§ **ACTIVITY**:
Each line of the records below that holds "strategies" should be copied out.

§ **RECORD SET**:
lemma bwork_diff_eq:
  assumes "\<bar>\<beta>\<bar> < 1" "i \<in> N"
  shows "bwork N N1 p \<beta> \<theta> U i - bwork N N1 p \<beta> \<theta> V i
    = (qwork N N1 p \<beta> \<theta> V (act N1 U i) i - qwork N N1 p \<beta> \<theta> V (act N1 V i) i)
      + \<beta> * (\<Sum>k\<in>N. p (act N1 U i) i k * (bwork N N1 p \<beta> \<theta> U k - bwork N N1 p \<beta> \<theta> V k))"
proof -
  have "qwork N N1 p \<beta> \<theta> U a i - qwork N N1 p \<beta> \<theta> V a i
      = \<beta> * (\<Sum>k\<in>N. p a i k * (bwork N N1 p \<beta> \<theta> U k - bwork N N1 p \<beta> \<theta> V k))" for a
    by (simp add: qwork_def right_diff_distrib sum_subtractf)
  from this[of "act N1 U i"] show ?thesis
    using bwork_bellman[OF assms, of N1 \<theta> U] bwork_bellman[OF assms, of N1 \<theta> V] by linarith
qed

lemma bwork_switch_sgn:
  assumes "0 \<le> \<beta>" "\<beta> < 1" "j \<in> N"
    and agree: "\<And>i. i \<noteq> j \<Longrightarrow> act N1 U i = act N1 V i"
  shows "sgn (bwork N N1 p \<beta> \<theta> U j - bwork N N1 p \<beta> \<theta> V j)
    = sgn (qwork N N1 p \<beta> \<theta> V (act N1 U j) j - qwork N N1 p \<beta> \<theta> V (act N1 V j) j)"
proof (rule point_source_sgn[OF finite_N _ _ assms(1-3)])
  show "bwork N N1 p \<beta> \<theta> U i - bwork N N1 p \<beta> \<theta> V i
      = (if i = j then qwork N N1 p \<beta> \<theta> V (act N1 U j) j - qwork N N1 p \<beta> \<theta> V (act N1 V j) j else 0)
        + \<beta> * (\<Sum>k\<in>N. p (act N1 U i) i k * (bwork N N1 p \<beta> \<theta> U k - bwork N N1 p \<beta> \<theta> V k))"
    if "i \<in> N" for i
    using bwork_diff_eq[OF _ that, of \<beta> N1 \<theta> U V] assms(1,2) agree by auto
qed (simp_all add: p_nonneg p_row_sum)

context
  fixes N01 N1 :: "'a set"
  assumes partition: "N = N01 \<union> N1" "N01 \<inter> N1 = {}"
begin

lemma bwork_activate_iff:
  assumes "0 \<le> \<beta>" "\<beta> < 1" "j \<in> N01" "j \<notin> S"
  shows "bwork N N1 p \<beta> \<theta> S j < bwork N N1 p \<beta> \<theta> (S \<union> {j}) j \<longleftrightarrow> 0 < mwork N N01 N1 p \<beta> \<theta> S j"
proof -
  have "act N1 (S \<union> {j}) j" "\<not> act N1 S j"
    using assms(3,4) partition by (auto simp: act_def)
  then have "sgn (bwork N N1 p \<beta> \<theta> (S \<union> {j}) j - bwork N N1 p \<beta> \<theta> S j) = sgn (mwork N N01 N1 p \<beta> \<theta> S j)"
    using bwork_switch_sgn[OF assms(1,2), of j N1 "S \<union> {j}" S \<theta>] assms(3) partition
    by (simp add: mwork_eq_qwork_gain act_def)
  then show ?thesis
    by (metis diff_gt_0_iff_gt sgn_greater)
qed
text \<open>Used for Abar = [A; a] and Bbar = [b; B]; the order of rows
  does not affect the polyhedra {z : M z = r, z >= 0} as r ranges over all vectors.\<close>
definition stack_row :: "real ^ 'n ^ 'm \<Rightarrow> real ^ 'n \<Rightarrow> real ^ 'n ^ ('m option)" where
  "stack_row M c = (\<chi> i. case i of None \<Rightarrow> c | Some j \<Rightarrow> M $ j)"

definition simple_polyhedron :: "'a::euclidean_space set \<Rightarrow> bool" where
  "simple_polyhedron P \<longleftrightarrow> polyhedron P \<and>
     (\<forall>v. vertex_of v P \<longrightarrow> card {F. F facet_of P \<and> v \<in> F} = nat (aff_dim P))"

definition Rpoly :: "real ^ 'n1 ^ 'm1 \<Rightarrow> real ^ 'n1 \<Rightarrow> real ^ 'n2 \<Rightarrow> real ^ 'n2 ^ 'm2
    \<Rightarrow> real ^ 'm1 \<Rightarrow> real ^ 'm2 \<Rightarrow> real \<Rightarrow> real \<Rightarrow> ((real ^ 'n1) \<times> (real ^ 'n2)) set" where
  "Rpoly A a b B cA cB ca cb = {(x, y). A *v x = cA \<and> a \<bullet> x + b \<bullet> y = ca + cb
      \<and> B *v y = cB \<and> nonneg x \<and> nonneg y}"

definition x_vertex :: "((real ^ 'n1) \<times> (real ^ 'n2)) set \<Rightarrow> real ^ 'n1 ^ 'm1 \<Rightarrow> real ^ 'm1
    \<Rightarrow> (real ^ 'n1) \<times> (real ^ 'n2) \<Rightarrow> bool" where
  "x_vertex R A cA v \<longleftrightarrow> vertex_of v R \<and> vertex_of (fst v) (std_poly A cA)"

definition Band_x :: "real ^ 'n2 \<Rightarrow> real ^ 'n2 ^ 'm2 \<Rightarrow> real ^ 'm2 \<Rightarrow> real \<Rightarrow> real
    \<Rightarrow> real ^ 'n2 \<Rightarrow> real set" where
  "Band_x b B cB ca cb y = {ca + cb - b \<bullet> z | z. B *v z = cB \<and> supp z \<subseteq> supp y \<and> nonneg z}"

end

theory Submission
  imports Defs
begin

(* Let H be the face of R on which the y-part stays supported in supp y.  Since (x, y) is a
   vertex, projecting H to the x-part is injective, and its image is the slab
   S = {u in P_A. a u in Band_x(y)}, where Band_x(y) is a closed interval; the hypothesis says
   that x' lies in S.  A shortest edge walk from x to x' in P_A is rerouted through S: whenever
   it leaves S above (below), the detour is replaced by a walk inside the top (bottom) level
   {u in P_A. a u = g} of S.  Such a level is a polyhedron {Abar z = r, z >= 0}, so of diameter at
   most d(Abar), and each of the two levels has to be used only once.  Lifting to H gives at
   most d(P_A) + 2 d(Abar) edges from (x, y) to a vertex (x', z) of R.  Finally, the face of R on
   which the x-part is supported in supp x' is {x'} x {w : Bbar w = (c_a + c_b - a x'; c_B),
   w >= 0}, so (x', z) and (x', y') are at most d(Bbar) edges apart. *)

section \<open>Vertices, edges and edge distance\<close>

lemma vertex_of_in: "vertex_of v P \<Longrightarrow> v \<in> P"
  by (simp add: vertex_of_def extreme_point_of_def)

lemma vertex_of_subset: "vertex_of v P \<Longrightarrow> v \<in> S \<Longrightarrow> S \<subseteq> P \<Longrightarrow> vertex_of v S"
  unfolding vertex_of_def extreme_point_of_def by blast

* * *

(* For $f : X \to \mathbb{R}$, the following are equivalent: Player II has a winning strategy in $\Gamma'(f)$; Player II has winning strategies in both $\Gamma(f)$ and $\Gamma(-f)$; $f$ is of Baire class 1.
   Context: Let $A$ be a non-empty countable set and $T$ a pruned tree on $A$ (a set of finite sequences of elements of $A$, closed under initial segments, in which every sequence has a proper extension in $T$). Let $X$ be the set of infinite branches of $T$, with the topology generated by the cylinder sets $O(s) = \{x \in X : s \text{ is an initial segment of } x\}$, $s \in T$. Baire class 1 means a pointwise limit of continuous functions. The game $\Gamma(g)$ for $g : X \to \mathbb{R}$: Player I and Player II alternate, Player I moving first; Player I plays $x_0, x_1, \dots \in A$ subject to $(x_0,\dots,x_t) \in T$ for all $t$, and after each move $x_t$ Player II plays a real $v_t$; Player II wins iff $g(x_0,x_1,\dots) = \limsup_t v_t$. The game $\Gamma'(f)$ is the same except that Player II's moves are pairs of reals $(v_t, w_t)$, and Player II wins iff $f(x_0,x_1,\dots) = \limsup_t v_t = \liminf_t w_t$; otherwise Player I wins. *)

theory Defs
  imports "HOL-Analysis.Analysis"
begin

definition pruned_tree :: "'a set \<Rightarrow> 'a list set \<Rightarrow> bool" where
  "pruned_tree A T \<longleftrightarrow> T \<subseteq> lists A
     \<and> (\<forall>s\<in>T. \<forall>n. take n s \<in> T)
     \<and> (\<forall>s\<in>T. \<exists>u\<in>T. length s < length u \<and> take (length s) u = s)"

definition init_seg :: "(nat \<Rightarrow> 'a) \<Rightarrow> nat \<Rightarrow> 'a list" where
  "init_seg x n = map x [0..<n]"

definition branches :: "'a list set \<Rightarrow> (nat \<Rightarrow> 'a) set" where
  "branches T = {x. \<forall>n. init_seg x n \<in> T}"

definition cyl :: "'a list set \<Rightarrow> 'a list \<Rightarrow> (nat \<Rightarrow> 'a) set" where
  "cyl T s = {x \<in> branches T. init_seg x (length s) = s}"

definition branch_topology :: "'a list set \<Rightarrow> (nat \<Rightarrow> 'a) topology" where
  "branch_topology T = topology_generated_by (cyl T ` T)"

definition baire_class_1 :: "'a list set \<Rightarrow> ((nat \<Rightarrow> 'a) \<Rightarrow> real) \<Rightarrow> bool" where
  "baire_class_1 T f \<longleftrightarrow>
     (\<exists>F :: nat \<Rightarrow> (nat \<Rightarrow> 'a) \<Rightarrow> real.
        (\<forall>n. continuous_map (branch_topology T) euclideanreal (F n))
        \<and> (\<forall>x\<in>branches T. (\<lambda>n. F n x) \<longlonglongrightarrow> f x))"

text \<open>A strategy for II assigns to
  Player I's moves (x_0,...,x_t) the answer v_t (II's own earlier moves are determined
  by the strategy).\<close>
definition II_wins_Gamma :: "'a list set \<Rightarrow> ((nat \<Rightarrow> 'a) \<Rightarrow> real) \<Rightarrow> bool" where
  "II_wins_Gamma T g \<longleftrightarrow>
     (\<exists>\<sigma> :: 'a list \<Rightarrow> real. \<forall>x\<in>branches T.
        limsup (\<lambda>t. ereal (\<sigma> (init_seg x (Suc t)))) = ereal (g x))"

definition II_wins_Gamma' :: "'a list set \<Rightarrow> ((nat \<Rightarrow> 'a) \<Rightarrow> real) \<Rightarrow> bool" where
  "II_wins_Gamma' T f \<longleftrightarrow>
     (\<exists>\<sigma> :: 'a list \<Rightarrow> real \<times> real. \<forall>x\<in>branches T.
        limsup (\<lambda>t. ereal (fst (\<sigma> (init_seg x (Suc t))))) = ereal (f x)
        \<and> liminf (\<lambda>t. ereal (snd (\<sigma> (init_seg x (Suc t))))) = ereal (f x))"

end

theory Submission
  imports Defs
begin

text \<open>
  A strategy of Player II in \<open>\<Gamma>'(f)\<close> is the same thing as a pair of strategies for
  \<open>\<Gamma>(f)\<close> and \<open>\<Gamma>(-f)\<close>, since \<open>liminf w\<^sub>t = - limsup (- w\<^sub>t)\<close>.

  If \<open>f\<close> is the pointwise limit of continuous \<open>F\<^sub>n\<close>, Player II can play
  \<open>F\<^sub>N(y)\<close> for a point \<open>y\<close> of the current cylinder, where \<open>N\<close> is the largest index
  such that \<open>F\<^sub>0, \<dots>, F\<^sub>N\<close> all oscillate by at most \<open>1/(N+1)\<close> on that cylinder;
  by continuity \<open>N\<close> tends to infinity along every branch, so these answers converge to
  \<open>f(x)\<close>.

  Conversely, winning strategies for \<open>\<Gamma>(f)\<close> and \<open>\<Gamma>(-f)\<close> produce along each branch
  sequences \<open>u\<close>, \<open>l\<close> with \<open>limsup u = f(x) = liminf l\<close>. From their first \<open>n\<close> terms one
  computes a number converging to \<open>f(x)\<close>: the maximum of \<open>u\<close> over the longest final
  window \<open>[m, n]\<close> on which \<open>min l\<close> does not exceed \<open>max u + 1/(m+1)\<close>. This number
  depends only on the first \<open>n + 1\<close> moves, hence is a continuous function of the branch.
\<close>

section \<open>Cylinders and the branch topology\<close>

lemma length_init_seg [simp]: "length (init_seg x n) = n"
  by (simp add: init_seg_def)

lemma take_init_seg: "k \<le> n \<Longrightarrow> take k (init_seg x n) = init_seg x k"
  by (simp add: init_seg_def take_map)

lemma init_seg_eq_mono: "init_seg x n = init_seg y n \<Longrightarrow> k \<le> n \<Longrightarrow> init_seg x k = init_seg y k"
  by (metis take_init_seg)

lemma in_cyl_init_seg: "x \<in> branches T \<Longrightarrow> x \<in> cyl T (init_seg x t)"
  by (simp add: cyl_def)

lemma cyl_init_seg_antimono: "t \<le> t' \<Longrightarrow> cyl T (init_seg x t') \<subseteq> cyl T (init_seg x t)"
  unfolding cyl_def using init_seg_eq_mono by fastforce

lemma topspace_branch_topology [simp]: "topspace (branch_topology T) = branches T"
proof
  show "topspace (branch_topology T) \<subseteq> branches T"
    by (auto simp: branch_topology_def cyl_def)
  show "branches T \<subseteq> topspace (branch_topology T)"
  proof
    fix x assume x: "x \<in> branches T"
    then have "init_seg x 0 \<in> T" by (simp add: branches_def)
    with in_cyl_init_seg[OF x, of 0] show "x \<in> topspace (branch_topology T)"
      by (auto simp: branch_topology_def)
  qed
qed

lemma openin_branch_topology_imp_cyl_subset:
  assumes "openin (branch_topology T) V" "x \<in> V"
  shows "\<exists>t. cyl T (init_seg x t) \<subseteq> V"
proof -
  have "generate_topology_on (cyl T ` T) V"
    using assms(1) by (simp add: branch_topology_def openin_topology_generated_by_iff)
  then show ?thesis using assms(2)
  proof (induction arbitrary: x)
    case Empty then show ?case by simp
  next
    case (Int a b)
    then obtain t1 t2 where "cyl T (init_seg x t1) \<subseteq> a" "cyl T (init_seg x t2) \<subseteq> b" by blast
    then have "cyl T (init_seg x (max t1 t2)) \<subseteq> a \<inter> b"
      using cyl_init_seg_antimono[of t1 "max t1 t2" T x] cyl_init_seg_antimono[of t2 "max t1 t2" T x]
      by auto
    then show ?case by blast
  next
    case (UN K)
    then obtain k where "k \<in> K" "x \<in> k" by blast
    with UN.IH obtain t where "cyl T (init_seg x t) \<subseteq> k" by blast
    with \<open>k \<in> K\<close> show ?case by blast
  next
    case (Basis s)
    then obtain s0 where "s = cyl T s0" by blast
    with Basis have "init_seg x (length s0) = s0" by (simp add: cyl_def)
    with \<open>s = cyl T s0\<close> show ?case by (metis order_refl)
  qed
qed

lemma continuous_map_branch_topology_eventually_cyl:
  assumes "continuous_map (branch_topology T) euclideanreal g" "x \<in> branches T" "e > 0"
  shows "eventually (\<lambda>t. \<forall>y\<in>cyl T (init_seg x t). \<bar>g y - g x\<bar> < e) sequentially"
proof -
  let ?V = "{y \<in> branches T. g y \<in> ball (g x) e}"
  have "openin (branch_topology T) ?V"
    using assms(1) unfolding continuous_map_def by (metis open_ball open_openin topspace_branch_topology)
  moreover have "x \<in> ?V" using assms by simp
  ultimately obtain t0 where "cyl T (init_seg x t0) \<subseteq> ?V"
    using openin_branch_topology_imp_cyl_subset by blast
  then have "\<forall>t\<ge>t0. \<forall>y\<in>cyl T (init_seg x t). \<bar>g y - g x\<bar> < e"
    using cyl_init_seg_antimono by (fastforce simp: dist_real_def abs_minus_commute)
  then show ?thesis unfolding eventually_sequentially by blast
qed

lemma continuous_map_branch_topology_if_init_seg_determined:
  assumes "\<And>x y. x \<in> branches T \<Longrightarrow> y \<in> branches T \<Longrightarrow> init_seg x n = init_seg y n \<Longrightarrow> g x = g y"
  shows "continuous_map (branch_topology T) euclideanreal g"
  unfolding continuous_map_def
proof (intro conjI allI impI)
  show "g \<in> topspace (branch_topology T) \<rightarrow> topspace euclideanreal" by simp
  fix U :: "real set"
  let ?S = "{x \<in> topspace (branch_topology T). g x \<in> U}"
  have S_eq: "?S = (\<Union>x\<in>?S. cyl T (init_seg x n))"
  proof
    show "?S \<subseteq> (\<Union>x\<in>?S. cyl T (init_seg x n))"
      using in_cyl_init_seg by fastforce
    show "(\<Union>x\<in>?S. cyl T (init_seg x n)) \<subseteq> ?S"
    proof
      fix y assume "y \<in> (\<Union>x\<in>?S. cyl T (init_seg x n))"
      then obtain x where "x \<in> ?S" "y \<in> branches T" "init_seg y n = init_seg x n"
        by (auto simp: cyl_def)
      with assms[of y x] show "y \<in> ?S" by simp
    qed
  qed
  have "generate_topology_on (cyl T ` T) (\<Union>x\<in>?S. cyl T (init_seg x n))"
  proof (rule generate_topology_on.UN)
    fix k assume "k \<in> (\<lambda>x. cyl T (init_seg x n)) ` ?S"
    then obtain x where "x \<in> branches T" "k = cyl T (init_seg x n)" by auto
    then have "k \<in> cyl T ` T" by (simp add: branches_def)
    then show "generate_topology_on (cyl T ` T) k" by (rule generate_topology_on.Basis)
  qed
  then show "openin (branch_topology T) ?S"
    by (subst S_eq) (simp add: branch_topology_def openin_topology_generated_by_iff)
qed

§ **OUTPUT OF THE EXERCISE**:
(* For $f : X \to \mathbb{R}$, the following are equivalent: Player II has a winning strategy in $\Gamma'(f)$; Player II has winning strategies in both $\Gamma(f)$ and $\Gamma(-f)$; $f$ is of Baire class 1.
  A strategy of Player II in \<open>\<Gamma>'(f)\<close> is the same thing as a pair of strategies for
  Conversely, winning strategies for \<open>\<Gamma>(f)\<close> and \<open>\<Gamma>(-f)\<close> produce along each branch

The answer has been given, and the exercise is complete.